WORK ITEM: The lines from the start of the listing through the line containing "using attenuation_eq_pos assms(1-4)" should be printed exactly, and no other lines should be printed.

TASK MATERIAL:
______

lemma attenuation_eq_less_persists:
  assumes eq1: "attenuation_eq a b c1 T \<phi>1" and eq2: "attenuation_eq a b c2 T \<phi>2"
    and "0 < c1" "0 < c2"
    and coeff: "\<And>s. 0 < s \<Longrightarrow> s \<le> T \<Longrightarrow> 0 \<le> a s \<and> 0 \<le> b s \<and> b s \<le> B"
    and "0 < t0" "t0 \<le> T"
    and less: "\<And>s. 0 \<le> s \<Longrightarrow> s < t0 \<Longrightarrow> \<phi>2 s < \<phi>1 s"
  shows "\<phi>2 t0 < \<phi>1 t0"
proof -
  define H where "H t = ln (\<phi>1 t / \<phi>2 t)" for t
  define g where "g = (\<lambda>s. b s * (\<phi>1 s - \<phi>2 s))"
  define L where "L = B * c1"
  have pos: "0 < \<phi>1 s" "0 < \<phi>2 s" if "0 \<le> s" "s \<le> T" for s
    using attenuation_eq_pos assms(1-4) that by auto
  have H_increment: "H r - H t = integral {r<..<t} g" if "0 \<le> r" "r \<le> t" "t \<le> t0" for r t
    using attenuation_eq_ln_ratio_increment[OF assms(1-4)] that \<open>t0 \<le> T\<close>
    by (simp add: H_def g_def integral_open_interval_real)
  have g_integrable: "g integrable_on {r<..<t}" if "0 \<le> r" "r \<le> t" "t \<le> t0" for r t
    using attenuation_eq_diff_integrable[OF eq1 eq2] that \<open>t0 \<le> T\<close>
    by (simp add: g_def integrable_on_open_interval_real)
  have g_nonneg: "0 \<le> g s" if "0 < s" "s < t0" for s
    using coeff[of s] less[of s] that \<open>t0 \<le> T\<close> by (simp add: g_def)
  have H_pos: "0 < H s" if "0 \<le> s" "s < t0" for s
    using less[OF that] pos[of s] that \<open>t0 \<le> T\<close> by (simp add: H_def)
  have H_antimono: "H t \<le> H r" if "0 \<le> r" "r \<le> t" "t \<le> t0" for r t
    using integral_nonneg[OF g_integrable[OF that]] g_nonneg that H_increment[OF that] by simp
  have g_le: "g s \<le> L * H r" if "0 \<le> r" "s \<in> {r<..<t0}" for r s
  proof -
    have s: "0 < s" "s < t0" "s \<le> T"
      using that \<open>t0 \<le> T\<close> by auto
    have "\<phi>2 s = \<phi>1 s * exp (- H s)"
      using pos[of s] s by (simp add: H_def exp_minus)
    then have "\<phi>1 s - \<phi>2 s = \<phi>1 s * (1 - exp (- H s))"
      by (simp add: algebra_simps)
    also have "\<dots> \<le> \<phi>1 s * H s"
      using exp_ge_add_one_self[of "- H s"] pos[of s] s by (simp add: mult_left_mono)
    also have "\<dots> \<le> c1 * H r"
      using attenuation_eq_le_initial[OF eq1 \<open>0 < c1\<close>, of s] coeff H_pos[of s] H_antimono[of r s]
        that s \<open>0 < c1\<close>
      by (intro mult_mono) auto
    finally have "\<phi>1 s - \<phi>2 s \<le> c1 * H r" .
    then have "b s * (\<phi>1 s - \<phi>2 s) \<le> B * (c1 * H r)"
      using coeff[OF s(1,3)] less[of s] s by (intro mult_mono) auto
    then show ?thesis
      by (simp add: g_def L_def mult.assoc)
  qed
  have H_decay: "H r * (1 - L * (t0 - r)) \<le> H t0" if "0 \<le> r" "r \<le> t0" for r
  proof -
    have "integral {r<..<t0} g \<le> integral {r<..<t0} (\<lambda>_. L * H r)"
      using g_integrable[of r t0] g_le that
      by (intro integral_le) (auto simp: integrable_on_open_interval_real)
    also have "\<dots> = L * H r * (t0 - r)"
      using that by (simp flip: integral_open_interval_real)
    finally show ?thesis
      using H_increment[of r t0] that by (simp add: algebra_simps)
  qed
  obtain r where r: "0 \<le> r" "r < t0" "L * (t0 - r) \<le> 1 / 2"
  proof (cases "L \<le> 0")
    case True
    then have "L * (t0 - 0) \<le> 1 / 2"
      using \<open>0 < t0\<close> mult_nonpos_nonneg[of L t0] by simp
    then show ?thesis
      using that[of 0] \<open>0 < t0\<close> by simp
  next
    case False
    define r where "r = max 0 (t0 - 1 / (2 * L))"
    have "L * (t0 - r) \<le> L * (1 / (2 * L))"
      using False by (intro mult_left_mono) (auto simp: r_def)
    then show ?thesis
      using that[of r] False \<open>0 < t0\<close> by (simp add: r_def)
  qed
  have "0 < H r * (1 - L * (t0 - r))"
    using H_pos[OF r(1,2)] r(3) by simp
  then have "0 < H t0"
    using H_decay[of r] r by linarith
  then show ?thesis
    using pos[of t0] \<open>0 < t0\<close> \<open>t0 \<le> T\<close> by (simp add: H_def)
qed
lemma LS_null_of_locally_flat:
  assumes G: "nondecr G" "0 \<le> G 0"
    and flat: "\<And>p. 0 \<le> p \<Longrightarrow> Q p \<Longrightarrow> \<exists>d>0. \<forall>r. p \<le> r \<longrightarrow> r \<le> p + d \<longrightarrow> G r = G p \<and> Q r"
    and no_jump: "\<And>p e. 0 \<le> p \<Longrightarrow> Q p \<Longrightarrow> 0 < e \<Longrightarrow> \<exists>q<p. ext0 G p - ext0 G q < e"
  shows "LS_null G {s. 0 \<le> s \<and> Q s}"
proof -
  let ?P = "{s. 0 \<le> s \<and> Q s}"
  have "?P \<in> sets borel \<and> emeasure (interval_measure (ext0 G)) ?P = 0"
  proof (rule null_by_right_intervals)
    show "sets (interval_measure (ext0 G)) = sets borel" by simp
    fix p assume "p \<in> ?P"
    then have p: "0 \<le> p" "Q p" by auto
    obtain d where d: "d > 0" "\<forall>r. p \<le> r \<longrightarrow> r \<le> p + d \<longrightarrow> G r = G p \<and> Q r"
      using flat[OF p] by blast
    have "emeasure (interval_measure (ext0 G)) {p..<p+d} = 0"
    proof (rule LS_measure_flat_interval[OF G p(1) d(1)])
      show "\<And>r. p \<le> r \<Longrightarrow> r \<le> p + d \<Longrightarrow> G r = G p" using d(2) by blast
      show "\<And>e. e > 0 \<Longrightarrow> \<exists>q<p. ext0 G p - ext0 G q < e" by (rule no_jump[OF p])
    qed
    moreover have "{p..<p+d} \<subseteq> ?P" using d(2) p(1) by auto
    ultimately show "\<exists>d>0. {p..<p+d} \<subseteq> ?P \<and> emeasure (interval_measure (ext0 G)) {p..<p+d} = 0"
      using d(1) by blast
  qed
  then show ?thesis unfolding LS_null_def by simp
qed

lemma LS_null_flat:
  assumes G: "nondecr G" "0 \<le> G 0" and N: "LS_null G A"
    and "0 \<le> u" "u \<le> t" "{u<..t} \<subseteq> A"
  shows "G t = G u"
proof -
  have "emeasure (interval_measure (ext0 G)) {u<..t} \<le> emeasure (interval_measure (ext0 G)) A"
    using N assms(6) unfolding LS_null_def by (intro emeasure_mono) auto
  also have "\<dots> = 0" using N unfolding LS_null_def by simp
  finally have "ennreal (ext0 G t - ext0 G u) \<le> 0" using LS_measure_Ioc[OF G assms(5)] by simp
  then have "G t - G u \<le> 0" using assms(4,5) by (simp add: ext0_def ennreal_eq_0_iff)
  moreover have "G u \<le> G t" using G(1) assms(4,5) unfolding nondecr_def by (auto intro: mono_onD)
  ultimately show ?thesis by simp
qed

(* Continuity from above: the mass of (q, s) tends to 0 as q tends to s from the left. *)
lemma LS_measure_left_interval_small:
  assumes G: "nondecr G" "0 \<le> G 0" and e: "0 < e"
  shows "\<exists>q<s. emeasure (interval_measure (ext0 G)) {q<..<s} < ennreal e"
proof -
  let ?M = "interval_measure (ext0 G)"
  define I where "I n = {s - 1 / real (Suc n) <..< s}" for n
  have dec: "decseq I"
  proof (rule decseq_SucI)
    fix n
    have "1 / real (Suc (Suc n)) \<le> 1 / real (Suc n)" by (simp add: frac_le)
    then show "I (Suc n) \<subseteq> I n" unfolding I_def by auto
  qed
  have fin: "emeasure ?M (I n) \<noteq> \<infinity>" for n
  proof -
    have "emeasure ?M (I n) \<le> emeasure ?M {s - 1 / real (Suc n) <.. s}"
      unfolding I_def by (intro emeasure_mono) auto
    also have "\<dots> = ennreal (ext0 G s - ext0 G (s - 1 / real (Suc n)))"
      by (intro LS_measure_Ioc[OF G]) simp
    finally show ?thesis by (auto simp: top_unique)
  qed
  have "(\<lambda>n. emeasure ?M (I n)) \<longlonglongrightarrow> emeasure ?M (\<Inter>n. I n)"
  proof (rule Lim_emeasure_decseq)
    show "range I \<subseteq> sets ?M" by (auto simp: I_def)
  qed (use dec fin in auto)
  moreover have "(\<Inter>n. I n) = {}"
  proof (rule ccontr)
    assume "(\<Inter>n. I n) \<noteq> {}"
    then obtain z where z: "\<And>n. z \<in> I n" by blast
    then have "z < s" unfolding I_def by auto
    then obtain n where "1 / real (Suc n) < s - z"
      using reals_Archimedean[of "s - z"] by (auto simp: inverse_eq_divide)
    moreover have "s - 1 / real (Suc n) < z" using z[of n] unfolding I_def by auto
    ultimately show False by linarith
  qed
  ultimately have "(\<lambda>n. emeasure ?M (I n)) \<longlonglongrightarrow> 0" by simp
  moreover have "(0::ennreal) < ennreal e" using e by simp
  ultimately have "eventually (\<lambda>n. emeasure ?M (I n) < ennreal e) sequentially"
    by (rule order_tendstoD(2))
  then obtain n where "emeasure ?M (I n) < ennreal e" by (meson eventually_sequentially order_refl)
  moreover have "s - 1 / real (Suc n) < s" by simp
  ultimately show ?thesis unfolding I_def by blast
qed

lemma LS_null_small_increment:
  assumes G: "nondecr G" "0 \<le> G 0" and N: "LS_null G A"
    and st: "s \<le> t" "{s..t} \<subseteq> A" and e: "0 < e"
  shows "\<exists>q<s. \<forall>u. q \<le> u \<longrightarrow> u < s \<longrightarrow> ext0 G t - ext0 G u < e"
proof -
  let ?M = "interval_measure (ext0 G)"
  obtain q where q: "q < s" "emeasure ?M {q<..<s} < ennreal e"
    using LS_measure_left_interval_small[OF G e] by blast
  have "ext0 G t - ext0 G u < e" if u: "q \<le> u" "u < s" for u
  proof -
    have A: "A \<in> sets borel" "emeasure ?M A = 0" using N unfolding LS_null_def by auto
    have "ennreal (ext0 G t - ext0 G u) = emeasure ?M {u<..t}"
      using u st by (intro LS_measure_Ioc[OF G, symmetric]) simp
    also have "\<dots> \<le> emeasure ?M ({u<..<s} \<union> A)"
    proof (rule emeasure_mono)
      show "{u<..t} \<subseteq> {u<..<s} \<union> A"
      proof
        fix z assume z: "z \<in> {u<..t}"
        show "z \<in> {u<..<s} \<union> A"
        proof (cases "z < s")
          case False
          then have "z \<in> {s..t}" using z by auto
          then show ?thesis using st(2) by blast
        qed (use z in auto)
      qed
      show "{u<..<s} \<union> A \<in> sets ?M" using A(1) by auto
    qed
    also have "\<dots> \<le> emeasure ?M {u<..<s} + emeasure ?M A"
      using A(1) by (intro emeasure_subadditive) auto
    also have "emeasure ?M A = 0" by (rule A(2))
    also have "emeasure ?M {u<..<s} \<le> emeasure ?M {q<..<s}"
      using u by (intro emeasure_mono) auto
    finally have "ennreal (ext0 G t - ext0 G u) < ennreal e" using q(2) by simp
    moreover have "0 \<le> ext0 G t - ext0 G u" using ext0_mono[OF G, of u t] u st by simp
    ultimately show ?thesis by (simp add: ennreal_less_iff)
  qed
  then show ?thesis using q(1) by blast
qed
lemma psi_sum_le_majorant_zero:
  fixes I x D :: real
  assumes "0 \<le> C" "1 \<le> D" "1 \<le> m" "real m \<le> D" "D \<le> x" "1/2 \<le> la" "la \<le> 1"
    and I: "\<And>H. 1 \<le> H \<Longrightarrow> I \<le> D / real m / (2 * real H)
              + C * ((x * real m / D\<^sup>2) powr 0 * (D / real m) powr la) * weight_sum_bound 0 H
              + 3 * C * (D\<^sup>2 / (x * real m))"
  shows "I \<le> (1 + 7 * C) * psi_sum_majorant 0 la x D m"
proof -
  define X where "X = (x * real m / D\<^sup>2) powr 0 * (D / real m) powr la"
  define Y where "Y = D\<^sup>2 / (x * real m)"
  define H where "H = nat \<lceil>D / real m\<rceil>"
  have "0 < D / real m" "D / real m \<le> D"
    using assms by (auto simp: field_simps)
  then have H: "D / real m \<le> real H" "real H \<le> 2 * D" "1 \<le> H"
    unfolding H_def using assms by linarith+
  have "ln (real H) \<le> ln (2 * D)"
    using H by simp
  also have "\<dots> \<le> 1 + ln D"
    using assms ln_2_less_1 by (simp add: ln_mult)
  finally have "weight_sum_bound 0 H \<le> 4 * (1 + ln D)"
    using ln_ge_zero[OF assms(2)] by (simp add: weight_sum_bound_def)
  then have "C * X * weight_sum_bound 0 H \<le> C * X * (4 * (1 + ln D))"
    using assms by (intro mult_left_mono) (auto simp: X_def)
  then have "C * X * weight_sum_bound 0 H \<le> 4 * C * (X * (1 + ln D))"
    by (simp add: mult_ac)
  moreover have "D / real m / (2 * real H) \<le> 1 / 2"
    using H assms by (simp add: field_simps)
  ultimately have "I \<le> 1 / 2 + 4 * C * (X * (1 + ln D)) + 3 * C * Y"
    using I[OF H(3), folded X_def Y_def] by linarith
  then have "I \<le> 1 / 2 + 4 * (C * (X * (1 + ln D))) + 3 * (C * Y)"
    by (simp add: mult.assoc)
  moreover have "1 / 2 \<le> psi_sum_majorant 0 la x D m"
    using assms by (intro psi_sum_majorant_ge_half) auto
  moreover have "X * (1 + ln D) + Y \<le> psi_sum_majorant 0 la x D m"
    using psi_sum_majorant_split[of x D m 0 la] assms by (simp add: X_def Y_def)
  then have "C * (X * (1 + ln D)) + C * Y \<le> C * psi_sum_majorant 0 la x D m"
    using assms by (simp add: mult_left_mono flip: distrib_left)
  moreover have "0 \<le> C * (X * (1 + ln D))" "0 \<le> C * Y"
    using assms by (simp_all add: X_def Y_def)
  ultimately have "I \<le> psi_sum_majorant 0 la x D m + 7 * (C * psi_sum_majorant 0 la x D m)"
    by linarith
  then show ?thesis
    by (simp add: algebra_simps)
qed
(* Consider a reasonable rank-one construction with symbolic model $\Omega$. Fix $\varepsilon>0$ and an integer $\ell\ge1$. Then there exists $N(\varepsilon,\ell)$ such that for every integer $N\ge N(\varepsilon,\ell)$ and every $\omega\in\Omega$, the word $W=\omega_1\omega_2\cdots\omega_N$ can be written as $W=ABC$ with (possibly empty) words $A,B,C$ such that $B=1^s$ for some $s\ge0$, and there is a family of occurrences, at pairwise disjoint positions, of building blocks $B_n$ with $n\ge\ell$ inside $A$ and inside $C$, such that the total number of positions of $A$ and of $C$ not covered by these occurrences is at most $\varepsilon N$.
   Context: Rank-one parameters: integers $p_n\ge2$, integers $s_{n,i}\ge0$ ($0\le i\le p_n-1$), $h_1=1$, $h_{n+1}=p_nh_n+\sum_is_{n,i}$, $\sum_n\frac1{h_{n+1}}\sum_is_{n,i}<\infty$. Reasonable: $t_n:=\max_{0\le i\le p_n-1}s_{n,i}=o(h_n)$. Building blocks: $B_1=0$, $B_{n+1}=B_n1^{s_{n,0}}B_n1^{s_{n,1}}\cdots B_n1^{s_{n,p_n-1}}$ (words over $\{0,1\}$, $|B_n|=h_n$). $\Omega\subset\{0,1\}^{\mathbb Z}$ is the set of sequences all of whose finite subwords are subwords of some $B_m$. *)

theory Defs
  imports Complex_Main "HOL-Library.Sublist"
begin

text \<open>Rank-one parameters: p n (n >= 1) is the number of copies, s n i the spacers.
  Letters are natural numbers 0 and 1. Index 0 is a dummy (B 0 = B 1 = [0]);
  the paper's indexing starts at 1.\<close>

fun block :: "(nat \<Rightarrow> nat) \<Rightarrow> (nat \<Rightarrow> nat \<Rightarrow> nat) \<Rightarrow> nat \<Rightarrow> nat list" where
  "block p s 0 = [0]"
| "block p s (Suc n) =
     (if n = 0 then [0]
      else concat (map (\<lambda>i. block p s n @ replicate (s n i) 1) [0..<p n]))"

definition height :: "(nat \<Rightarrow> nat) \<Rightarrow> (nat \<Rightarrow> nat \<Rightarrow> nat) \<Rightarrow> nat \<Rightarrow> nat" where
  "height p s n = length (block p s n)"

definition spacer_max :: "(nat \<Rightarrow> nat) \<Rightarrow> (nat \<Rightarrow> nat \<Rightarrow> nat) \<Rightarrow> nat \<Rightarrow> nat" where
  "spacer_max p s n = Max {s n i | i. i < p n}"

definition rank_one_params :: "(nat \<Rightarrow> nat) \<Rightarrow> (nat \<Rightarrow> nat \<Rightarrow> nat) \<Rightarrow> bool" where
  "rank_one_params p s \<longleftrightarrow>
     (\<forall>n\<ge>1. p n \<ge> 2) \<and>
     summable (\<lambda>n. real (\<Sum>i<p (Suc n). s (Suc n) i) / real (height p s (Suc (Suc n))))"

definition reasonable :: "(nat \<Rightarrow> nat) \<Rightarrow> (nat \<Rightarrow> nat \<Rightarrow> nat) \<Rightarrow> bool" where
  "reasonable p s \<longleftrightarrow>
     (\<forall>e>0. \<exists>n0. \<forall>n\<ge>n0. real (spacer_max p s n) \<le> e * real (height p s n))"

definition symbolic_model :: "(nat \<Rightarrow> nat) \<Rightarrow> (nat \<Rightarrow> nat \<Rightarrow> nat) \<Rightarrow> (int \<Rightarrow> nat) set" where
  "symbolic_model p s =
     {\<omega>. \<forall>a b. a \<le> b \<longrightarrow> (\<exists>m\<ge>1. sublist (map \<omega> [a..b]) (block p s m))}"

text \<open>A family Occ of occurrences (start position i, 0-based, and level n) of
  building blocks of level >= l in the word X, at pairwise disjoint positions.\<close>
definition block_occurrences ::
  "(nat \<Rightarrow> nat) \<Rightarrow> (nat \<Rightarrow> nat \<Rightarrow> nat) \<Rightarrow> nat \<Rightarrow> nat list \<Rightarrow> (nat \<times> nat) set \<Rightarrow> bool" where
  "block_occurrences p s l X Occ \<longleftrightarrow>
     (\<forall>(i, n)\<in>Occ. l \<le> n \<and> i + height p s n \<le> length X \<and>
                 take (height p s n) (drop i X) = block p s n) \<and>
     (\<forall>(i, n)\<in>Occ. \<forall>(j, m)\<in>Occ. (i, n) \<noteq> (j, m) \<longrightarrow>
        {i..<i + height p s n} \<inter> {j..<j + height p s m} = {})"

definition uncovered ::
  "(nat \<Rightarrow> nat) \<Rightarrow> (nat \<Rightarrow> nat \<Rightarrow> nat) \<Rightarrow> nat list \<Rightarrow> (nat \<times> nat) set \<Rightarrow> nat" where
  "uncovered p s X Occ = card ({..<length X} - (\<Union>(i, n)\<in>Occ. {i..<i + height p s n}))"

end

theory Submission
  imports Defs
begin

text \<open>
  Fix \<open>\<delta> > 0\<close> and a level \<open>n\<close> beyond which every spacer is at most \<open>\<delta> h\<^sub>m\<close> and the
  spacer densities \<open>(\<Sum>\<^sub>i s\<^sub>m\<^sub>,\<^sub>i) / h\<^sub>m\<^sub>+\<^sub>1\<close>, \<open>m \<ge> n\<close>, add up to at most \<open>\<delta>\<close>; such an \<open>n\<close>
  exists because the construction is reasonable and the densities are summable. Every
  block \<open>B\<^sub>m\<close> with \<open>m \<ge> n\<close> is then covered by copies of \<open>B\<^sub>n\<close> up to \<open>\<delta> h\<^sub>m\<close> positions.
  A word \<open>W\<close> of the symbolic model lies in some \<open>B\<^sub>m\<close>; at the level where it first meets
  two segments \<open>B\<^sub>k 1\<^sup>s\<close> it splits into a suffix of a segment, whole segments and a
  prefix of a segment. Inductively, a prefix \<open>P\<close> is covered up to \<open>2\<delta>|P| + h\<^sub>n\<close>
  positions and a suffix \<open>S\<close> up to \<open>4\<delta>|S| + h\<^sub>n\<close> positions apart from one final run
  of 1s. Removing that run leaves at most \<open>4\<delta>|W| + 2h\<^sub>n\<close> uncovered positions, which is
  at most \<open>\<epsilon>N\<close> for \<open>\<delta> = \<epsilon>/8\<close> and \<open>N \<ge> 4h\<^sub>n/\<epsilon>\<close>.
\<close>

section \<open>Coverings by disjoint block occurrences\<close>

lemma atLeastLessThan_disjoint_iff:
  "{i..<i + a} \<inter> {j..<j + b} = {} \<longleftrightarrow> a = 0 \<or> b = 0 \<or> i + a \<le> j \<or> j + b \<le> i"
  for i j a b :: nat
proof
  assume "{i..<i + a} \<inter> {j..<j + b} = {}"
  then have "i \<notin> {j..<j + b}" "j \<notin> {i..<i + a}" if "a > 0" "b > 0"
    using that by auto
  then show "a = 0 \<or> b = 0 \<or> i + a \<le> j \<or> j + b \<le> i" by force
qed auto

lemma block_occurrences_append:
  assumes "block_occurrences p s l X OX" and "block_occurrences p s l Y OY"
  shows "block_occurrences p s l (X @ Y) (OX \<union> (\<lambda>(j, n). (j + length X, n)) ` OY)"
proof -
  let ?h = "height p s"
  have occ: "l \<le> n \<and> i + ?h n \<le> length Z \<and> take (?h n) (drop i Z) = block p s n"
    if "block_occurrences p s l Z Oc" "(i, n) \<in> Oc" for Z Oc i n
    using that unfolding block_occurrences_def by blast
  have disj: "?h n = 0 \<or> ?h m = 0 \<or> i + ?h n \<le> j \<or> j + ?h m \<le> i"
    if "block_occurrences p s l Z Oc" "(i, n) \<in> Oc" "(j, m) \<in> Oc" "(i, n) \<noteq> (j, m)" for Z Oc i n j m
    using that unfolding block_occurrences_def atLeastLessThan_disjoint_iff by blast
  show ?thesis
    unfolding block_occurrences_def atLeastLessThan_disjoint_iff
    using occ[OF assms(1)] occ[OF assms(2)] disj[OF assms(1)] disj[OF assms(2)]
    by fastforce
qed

______

TASK RESPONSE:
lemma attenuation_eq_less_persists:
  assumes eq1: "attenuation_eq a b c1 T \<phi>1" and eq2: "attenuation_eq a b c2 T \<phi>2"
    and "0 < c1" "0 < c2"
    and coeff: "\<And>s. 0 < s \<Longrightarrow> s \<le> T \<Longrightarrow> 0 \<le> a s \<and> 0 \<le> b s \<and> b s \<le> B"
    and "0 < t0" "t0 \<le> T"
    and less: "\<And>s. 0 \<le> s \<Longrightarrow> s < t0 \<Longrightarrow> \<phi>2 s < \<phi>1 s"
  shows "\<phi>2 t0 < \<phi>1 t0"
proof -
  define H where "H t = ln (\<phi>1 t / \<phi>2 t)" for t
  define g where "g = (\<lambda>s. b s * (\<phi>1 s - \<phi>2 s))"
  define L where "L = B * c1"
  have pos: "0 < \<phi>1 s" "0 < \<phi>2 s" if "0 \<le> s" "s \<le> T" for s
    using attenuation_eq_pos assms(1-4) that by auto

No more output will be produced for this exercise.